Set hive.optimize.bucketmapjoin.sortedmerge = true;

Set Hive.input.format=org.apache.hadoop.hive.ql.io.bucketizedhiveinputformat;

Bucket columns = =? Join?columns = = Sort Columns

so that the data of the small table can be read only a portion at a time, and then a large table row by line to match, so that the join? No limit on the size of memory . and can also perform a full outer join .

Skew Join

Join bottlenecked on the reducer who gets the

Skewed key

Set hive.optimize.skewjoin = true;

Set Hive.skewjoin.key = Skew_key_threshold

Connection policy for hive join Strategies Hive

Contact Us

The content source of this page is from Internet, which doesn't represent Alibaba Cloud's opinion; products and services mentioned on that page don't have any relationship with Alibaba Cloud. If the content of the page makes you feel confusing, please write us an email, we will handle the problem within 5 days after receiving your email.

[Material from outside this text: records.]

(* Let $n\ge 1$ be an integer. (1) If $n$ is odd, let $m=3(n+1)$ and $S=\{1,\dots,\frac{n+1}{2}\}\cup\{\frac{3(n+1)}{2}+1,\dots,2n+1\}$. (2) If $n$ is even, let $m=3n+2$ and $S=\{1,\dots,\frac{n}{2}\}\cup\{\frac{3n+2}{2}+1,\dots,2n+1\}$. In either case let $D_n$ be the mixed graph on vertex set $\mathbb{Z}_m$ whose arcs are $(i,i+s)$ for all $i\in\mathbb{Z}_m$, $s\in S$, and whose edges are $\{i,i+m/2\}$ for all $i\in\mathbb{Z}_m$ (edges joining antipodal vertices). Then $D_n$ is $n$-arc-regular (every vertex is the tail of exactly $n$ arcs and the head of exactly $n$ arcs), $1$-edge-regular, and has girth $4$.
   Context: A mixed graph is a finite simple graph that may contain both edges and arcs. Walks traverse edges in either direction and arcs only in their direction; a cycle is a closed walk with no repeated vertices (other than start = end) and no repeated edge or arc; the girth is the length of a shortest cycle. *)

theory Defs
  imports Main "HOL-Library.Extended_Nat"
begin

datatype 'a link = Arc 'a 'a | Edge "'a set"

definition link_step :: "('a \<times> 'a) set \<Rightarrow> 'a set set \<Rightarrow> 'a \<Rightarrow> 'a link \<Rightarrow> 'a \<Rightarrow> bool" where
  "link_step A E x l y \<longleftrightarrow>
     (l = Arc x y \<and> (x, y) \<in> A) \<or> (l = Edge {x, y} \<and> {x, y} \<in> E)"

definition mixed_walk :: "'a set \<Rightarrow> ('a \<times> 'a) set \<Rightarrow> 'a set set \<Rightarrow> 'a list \<Rightarrow> 'a link list \<Rightarrow> bool" where
  "mixed_walk V A E vs ls \<longleftrightarrow>
     length vs = Suc (length ls) \<and> set vs \<subseteq> V \<and>
     (\<forall>i < length ls. link_step A E (vs ! i) (ls ! i) (vs ! Suc i))"

definition mixed_cycle :: "'a set \<Rightarrow> ('a \<times> 'a) set \<Rightarrow> 'a set set \<Rightarrow> 'a list \<Rightarrow> 'a link list \<Rightarrow> bool" where
  "mixed_cycle V A E vs ls \<longleftrightarrow>
     mixed_walk V A E vs ls \<and> ls \<noteq> [] \<and> hd vs = last vs \<and>
     distinct (tl vs) \<and> distinct ls"

text \<open>Girth: length of a shortest cycle (infinity if there is no cycle).\<close>
definition mixed_girth :: "'a set \<Rightarrow> ('a \<times> 'a) set \<Rightarrow> 'a set set \<Rightarrow> enat" where
  "mixed_girth V A E = (INF p \<in> {(vs, ls). mixed_cycle V A E vs ls}. enat (length (snd p)))"

definition arc_regular :: "'a set \<Rightarrow> ('a \<times> 'a) set \<Rightarrow> nat \<Rightarrow> bool" where
  "arc_regular V A z \<longleftrightarrow>
     (\<forall>v \<in> V. card {w. (v, w) \<in> A} = z \<and> card {u. (u, v) \<in> A} = z)"

definition edge_regular :: "'a set \<Rightarrow> 'a set set \<Rightarrow> nat \<Rightarrow> bool" where
  "edge_regular V E r \<longleftrightarrow> (\<forall>v \<in> V. card {w. {v, w} \<in> E} = r)"

text \<open>The graph D_n on Z_m, with Z_m represented by {0..<m} and arithmetic mod m.\<close>
definition D_m :: "nat \<Rightarrow> nat" where
  "D_m n = (if odd n then 3 * (n + 1) else 3 * n + 2)"

definition D_S :: "nat \<Rightarrow> nat set" where
  "D_S n = (if odd n
     then {1 .. (n + 1) div 2} \<union> {3 * (n + 1) div 2 + 1 .. 2 * n + 1}
     else {1 .. n div 2} \<union> {(3 * n + 2) div 2 + 1 .. 2 * n + 1})"

definition D_V :: "nat \<Rightarrow> nat set" where
  "D_V n = {0 ..< D_m n}"

definition D_A :: "nat \<Rightarrow> (nat \<times> nat) set" where
  "D_A n = {(i, (i + s) mod D_m n) | i s. i < D_m n \<and> s \<in> D_S n}"

definition D_E :: "nat \<Rightarrow> nat set set" where
  "D_E n = {{i, (i + D_m n div 2) mod D_m n} | i. i < D_m n}"

end

theory Submission
  imports Defs "HOL-Number_Theory.Cong"
begin

text \<open>\<open>D\<^sub>n\<close> is a circulant mixed graph on \<open>\<int>\<^sub>m\<close> with connection set \<open>S \<subseteq> \<int>\<^sub>m - {0, m/2}\<close>:
  the out-neighbours of \<open>v\<close> are \<open>v + S\<close>, the in-neighbours \<open>v - S\<close>, and the antipodal edges form
  a perfect matching, so \<open>D\<^sub>n\<close> is \<open>|S|\<close>-arc-regular and 1-edge-regular. Along a cycle of length
  \<open>k \<le> 3\<close> the steps are elements of \<open>S \<union> {m/2}\<close> summing to \<open>0\<close> modulo \<open>m\<close>. Two consecutive
  antipodal edges return to the start vertex, and \<open>S\<close> is chosen so that modulo \<open>m\<close> no two of its
  elements sum to \<open>0\<close> or \<open>m/2\<close> and no three sum to \<open>0\<close>; this excludes all such cycles. A 4-cycle is
  \<open>0, k, 2k, 3k = m/2, 0\<close> for odd \<open>n = 2k - 1\<close>, and \<open>0, 1, k + 1, 2k + 1, 0\<close> (steps
  \<open>1 + k + k + (4k + 1) = m\<close>) for even \<open>n = 2k\<close>.\<close>

lemma cong_less_triple_iff:
  fixes x c m :: nat
  assumes "x < 3 * m" "c < m"
  shows "[x = c] (mod m) \<longleftrightarrow> x = c \<or> x = c + m \<or> x = c + 2 * m"
proof -
  define q r where "q = x div m" and "r = x mod m"
  have x: "x = q * m + r" and r: "r < m" and cong: "[x = c] (mod m) \<longleftrightarrow> r = c"
    using assms by (simp_all add: q_def r_def cong_def)
  have "q < 3" using assms by (simp add: q_def div_less_iff_less_mult)
  then have "q = 0 \<or> q = 1 \<or> q = 2" by auto
  then show ?thesis using x r cong assms(2) by auto
qed
(* Assume $\chi(0)<0$ and conditions (C) and (N) hold. Then there exists $\zeta_1\in(0,\zeta_2)$ such that: (1) $G:[0,\infty)\to[0,\infty)$ is continuous, $G(s)>0$ for $s>0$, and the right derivative $G'(0+)$ exists (possibly $+\infty$) and $G'(0+)>1$; (2) $G([\zeta_1,\zeta_2])\subseteq[\zeta_1,\zeta_2]$ and $G([0,\infty))\subseteq[0,\zeta_2]$; (3) $\min_{s\in[\zeta_1,\zeta_2]}G(s)=G(\zeta_1)$, and $G(s)>s$ for all $s\in(0,\zeta_1]$.
   Context: Let $(X,\mu)$ be a finite measure space. Let $K:\mathbb{R}\times X\to[0,\infty)$ be measurable and integrable on $\mathbb{R}\times X$, with $\int_{\mathbb{R}}K(s,\tau)\,ds>0$ for every $\tau$. Let $g:[0,\infty)\times X\to[0,\infty)$ be measurable, with $g(0,\tau)=0$, $g(\cdot,\tau)$ continuous for each $\tau$, and the derivative $g'(0,\tau)$ at $0$ existing and positive. $\chi(z)=1-\int_X\int_{\mathbb{R}}K(s,\tau)g'(0,\tau)e^{-sz}\,ds\,d\mu(\tau)$. Condition (C): for each $\delta>0$ there is a measurable $C_\delta\geq0$ on $X$ with $g(u,\tau)\leq C_\delta(\tau)u$ for $u\in[0,\delta]$ and $\int_X C_\delta(\tau)\left(\int_{\mathbb{R}}K(s,\tau)ds\right)d\mu(\tau)<+\infty$. Condition (N): (N1) there is $\tau_0\in X$ with $\mu(\{\tau_0\})=1$ such that $g(v,\tau)$ is increasing in $v$ for each $\tau\neq\tau_0$ and $g(v,\tau_0)>0$ for $v>0$; $\tilde g(v)=\int_{X\setminus\{\tau_0\}}g(v,\tau)\left(\int_{\mathbb{R}}K(s,\tau)ds\right)d\mu(\tau)$. (N2) there is $\zeta_2>0$ such that $\Theta(v)=v-\tilde g(v)$ is strictly increasing on $[0,\zeta_2]$ and $\Theta(\zeta_2)>C\max_{v\geq0}g(v,\tau_0)$, $C=\int_{\mathbb{R}}K(s,\tau_0)ds$. Define $G(v)=\Theta^{-1}(Cg(v,\tau_0))$, $v\geq0$, with $\Theta^{-1}$ the inverse of $\Theta|_{[0,\zeta_2]}$. *)

theory Defs
  imports "HOL-Analysis.Analysis"
begin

If you find any instances of plagiarism from the community, please send an email to: info-contact@alibabacloud.com and provide relevant evidence. A staff member will contact you within 5 working days.

A Free Trial That Lets You Build Big!

Start building with 50+ products and up to 12 months usage for Elastic Compute Service

  • Sales Support

    1 on 1 presale consultation

  • After-Sales Support

    24/7 Technical Support 6 Free Tickets per Quarter Faster Response

  • Alibaba Cloud offers highly flexible support services tailored to meet your exact needs.